**** Extracted data
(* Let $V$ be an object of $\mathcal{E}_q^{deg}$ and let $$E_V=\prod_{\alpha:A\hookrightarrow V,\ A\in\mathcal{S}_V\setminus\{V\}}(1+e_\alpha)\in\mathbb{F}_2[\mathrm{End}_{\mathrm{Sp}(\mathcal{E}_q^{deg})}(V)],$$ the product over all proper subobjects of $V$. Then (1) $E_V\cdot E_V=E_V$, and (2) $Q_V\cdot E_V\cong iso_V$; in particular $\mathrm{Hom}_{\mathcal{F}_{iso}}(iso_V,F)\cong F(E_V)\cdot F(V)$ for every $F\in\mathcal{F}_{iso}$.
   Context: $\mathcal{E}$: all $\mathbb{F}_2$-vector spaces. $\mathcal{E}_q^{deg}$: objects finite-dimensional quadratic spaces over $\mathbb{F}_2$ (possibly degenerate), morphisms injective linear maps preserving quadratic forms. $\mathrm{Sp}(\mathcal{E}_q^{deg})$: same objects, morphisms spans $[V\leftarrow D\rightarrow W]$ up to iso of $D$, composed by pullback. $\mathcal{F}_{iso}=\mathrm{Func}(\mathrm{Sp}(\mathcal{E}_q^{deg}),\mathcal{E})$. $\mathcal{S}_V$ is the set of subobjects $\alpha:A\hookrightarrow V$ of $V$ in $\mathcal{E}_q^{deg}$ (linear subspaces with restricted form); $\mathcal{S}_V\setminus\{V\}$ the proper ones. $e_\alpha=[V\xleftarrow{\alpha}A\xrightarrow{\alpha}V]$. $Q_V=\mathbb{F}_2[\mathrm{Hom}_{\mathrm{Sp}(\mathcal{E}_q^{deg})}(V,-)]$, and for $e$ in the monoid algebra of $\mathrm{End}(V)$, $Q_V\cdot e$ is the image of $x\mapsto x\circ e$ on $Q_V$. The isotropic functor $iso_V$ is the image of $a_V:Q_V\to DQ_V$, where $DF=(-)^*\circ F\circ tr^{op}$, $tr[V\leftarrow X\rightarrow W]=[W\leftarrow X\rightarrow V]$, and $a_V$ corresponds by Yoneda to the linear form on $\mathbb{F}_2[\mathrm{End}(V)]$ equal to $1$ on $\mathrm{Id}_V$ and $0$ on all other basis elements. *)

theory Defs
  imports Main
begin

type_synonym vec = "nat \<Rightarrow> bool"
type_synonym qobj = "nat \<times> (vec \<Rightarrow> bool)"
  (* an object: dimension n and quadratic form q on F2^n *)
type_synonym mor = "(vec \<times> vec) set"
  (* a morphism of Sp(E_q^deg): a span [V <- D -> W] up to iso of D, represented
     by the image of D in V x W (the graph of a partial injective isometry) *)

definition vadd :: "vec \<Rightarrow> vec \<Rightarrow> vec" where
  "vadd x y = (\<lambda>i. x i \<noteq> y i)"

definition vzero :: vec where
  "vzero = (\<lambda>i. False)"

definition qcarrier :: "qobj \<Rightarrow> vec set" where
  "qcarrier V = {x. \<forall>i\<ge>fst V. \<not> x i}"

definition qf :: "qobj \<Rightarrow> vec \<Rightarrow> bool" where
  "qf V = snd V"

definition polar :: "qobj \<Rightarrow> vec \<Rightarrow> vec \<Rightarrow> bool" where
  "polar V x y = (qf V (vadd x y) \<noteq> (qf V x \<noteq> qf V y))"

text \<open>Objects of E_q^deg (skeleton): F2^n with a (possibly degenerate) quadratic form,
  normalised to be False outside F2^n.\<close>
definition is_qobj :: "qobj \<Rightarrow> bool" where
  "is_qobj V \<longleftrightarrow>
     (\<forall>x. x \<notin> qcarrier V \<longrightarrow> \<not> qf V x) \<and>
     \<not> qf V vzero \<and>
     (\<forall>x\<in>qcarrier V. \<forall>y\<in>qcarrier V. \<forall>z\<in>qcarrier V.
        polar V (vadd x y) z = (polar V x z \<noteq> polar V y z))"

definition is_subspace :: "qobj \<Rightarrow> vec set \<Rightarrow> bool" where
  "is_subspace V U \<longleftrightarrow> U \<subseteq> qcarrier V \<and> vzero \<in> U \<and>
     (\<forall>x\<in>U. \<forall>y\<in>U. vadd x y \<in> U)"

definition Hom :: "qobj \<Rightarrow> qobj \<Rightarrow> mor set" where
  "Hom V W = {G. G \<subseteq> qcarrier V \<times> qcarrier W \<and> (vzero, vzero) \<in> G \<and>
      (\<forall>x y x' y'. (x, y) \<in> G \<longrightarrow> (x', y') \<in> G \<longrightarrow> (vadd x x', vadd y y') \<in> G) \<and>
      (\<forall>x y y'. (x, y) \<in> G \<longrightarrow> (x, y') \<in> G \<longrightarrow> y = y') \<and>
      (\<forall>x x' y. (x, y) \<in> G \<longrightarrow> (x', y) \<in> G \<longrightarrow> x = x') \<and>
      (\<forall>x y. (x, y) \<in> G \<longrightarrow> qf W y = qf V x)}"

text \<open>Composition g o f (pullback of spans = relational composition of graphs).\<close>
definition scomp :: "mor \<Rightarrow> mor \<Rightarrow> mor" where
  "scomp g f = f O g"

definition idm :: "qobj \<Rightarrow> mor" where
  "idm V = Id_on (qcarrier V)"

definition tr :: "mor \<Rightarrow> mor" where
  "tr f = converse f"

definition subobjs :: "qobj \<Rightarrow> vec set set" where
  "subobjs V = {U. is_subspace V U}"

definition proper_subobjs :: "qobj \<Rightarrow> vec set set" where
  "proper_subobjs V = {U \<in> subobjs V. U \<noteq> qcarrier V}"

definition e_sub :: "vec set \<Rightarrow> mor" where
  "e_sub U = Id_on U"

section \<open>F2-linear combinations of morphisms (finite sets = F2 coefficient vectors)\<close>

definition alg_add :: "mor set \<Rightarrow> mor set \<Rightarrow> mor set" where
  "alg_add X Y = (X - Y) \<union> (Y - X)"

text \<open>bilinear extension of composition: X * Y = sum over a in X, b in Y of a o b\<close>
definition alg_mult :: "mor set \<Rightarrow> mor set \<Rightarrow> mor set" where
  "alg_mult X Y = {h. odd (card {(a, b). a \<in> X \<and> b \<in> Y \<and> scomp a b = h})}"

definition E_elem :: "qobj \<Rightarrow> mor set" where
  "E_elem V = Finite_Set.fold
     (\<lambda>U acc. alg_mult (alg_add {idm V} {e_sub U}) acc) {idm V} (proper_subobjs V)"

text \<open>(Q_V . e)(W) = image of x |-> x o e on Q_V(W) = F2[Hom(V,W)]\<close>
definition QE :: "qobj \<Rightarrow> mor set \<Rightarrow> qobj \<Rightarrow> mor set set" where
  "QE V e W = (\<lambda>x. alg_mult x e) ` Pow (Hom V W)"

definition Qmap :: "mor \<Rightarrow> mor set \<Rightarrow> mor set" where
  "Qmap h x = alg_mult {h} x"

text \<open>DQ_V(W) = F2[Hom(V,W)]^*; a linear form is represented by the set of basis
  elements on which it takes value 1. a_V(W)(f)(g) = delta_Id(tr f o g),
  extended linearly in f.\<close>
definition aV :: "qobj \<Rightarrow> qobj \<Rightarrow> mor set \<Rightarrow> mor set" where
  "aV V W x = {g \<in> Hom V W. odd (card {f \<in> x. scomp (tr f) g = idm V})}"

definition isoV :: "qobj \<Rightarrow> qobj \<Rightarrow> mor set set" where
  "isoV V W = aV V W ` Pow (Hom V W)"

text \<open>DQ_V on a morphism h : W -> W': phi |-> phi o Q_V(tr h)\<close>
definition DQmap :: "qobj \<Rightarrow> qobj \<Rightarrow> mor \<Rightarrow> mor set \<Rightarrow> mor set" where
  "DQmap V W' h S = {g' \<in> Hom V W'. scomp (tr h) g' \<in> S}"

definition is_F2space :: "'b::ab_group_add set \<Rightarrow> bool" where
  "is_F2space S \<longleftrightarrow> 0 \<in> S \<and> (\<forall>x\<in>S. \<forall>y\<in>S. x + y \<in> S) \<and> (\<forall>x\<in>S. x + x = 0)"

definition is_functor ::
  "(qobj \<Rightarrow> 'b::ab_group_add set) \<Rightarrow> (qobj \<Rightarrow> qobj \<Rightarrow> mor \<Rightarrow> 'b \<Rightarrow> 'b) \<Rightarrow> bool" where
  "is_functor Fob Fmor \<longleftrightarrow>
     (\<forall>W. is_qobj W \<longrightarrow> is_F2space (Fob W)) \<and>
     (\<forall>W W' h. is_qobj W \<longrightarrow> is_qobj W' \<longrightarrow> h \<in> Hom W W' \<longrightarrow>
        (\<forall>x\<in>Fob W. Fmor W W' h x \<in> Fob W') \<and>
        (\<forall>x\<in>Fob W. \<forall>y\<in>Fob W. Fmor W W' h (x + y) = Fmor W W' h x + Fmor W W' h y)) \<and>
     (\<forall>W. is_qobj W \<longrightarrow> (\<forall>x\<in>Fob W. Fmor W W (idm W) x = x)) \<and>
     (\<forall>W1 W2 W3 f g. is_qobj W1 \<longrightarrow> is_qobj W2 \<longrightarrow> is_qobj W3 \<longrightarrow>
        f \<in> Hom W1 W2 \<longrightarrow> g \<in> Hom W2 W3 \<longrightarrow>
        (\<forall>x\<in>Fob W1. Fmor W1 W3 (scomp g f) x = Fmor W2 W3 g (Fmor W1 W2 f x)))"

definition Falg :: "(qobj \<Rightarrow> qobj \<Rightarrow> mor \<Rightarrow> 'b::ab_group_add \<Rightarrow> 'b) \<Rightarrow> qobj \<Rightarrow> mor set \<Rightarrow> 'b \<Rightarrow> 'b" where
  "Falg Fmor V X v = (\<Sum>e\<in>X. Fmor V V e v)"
********
#### [Exercise aim]
Above is a listing; print exactly its lines from the one with "by the image" through the one with "(\<forall>x y x'", and no other lines.

#### [Answer box]
     by the image of D in V x W (the graph of a partial injective isometry) *)

definition vadd :: "vec \<Rightarrow> vec \<Rightarrow> vec" where
  "vadd x y = (\<lambda>i. x i \<noteq> y i)"

definition vzero :: vec where
  "vzero = (\<lambda>i. False)"

definition qcarrier :: "qobj \<Rightarrow> vec set" where
  "qcarrier V = {x. \<forall>i\<ge>fst V. \<not> x i}"

definition qf :: "qobj \<Rightarrow> vec \<Rightarrow> bool" where
  "qf V = snd V"

definition polar :: "qobj \<Rightarrow> vec \<Rightarrow> vec \<Rightarrow> bool" where
  "polar V x y = (qf V (vadd x y) \<noteq> (qf V x \<noteq> qf V y))"

text \<open>Objects of E_q^deg (skeleton): F2^n with a (possibly degenerate) quadratic form,
  normalised to be False outside F2^n.\<close>
definition is_qobj :: "qobj \<Rightarrow> bool" where
  "is_qobj V \<longleftrightarrow>
     (\<forall>x. x \<notin> qcarrier V \<longrightarrow> \<not> qf V x) \<and>
     \<not> qf V vzero \<and>
     (\<forall>x\<in>qcarrier V. \<forall>y\<in>qcarrier V. \<forall>z\<in>qcarrier V.
        polar V (vadd x y) z = (polar V x z \<noteq> polar V y z))"

definition is_subspace :: "qobj \<Rightarrow> vec set \<Rightarrow> bool" where
  "is_subspace V U \<longleftrightarrow> U \<subseteq> qcarrier V \<and> vzero \<in> U \<and>
     (\<forall>x\<in>U. \<forall>y\<in>U. vadd x y \<in> U)"

definition Hom :: "qobj \<Rightarrow> qobj \<Rightarrow> mor set" where
  "Hom V W = {G. G \<subseteq> qcarrier V \<times> qcarrier W \<and> (vzero, vzero) \<in> G \<and>
      (\<forall>x y x' y'. (x, y) \<in> G \<longrightarrow> (x', y') \<in> G \<longrightarrow> (vadd x x', vadd y y') \<in> G) \<and>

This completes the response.